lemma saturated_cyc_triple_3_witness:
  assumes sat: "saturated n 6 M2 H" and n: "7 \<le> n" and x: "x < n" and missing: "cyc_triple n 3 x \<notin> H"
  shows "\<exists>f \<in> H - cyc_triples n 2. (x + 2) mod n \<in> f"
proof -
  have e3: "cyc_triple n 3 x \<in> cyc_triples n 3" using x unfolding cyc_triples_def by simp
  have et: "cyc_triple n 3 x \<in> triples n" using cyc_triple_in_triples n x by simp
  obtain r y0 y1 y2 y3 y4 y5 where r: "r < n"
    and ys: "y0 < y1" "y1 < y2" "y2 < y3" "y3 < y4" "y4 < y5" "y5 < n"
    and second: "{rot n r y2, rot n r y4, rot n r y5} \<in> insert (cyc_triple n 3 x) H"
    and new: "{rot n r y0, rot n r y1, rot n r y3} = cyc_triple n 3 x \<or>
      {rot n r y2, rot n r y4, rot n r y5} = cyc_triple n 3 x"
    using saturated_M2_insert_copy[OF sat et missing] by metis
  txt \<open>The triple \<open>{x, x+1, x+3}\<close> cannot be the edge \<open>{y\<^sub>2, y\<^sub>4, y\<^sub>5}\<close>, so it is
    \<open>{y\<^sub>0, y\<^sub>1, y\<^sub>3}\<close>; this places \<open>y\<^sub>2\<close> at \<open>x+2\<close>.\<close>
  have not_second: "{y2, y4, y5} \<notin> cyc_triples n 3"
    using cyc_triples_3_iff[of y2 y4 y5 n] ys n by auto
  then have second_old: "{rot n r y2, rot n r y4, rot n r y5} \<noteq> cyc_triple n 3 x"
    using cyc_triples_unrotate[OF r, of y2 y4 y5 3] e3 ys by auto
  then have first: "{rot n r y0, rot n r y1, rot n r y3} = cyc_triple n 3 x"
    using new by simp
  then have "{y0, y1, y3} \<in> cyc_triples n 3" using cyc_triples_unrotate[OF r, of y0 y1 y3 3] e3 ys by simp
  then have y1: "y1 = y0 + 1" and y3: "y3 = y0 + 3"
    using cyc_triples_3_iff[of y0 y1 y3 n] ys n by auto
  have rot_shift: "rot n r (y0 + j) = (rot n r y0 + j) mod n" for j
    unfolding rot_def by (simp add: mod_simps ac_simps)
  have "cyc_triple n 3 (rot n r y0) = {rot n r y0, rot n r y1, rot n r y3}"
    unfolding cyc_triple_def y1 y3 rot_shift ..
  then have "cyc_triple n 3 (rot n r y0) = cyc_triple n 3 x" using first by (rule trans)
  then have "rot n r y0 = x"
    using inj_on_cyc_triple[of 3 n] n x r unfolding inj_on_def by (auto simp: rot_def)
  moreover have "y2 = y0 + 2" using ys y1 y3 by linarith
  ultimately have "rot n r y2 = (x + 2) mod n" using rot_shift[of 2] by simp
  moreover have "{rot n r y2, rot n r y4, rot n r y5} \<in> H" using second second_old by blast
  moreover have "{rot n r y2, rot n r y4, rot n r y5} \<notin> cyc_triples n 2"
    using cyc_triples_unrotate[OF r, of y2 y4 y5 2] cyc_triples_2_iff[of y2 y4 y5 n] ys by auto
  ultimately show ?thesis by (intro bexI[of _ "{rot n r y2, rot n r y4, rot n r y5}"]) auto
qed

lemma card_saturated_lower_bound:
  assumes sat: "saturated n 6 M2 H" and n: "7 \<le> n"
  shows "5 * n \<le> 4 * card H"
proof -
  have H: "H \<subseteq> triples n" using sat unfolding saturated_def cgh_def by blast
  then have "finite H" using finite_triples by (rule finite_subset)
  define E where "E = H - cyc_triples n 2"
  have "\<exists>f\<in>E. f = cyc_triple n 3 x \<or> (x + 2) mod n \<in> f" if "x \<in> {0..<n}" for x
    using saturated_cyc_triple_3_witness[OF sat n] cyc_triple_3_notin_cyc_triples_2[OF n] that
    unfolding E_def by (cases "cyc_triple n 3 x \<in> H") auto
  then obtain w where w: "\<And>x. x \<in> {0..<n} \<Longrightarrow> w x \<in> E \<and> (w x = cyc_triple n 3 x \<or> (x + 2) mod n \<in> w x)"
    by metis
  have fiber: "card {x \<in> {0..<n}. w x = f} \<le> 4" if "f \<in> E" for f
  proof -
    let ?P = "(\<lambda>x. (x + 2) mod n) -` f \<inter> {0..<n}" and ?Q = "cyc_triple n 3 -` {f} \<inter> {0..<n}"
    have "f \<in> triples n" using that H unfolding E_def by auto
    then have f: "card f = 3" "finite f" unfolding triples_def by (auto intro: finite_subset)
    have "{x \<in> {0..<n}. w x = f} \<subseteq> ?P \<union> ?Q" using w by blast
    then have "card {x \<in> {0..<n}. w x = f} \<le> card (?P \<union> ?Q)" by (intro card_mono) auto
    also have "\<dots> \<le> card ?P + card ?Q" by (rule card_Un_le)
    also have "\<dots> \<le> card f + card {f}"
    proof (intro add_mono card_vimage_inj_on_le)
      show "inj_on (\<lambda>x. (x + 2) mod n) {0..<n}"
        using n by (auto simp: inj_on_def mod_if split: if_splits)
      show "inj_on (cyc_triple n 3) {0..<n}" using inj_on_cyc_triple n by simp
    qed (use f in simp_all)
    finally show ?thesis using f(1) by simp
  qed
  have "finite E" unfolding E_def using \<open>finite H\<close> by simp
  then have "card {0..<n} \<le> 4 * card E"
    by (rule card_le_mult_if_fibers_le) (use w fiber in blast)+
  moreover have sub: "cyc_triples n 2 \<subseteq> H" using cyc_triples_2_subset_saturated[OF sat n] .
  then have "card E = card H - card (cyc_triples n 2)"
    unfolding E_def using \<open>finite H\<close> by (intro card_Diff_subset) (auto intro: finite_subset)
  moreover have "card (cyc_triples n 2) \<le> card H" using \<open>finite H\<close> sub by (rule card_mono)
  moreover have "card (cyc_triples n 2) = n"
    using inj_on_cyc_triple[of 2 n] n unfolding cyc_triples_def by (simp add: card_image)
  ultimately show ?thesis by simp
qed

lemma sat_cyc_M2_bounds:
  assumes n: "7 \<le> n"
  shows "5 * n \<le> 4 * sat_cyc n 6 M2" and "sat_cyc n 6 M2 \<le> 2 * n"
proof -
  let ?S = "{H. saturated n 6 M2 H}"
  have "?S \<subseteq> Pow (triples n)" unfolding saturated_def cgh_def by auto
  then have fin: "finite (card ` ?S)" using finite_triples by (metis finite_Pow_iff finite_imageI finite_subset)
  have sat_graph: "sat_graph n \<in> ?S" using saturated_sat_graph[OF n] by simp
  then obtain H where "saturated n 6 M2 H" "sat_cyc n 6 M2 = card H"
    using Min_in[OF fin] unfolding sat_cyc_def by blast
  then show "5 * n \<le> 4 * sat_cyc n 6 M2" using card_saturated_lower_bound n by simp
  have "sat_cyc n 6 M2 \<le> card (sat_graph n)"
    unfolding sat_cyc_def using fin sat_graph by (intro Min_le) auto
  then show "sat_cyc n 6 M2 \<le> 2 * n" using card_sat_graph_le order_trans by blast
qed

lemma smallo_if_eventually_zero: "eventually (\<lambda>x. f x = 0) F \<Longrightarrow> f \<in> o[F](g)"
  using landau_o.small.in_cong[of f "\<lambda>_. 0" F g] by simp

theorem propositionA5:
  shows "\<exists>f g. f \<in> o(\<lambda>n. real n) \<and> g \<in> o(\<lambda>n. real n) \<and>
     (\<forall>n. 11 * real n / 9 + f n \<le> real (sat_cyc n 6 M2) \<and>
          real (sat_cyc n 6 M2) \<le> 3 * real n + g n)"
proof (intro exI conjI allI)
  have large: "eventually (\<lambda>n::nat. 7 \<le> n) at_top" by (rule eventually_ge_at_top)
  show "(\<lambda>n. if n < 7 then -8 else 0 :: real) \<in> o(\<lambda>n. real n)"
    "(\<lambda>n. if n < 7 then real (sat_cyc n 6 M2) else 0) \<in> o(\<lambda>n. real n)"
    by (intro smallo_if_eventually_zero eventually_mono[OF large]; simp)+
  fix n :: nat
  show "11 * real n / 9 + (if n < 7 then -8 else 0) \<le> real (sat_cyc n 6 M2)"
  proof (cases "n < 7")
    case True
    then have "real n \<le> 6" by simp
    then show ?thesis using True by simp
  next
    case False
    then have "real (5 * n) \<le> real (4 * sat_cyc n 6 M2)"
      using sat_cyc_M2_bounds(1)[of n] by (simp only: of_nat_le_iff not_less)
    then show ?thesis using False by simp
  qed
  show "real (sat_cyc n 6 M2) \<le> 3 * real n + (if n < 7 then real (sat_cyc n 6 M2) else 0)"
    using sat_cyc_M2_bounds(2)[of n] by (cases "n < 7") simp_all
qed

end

═══

- _Exercise directions_: All lines above holding the word "lemma" make up the answer; copy each one.

- _Task solution_:
lemma saturated_cyc_triple_3_witness:
lemma card_saturated_lower_bound:
lemma sat_cyc_M2_bounds:
lemma smallo_if_eventually_zero: "eventually (\<lambda>x. f x = 0) F \<Longrightarrow> f \<in> o[F](g)"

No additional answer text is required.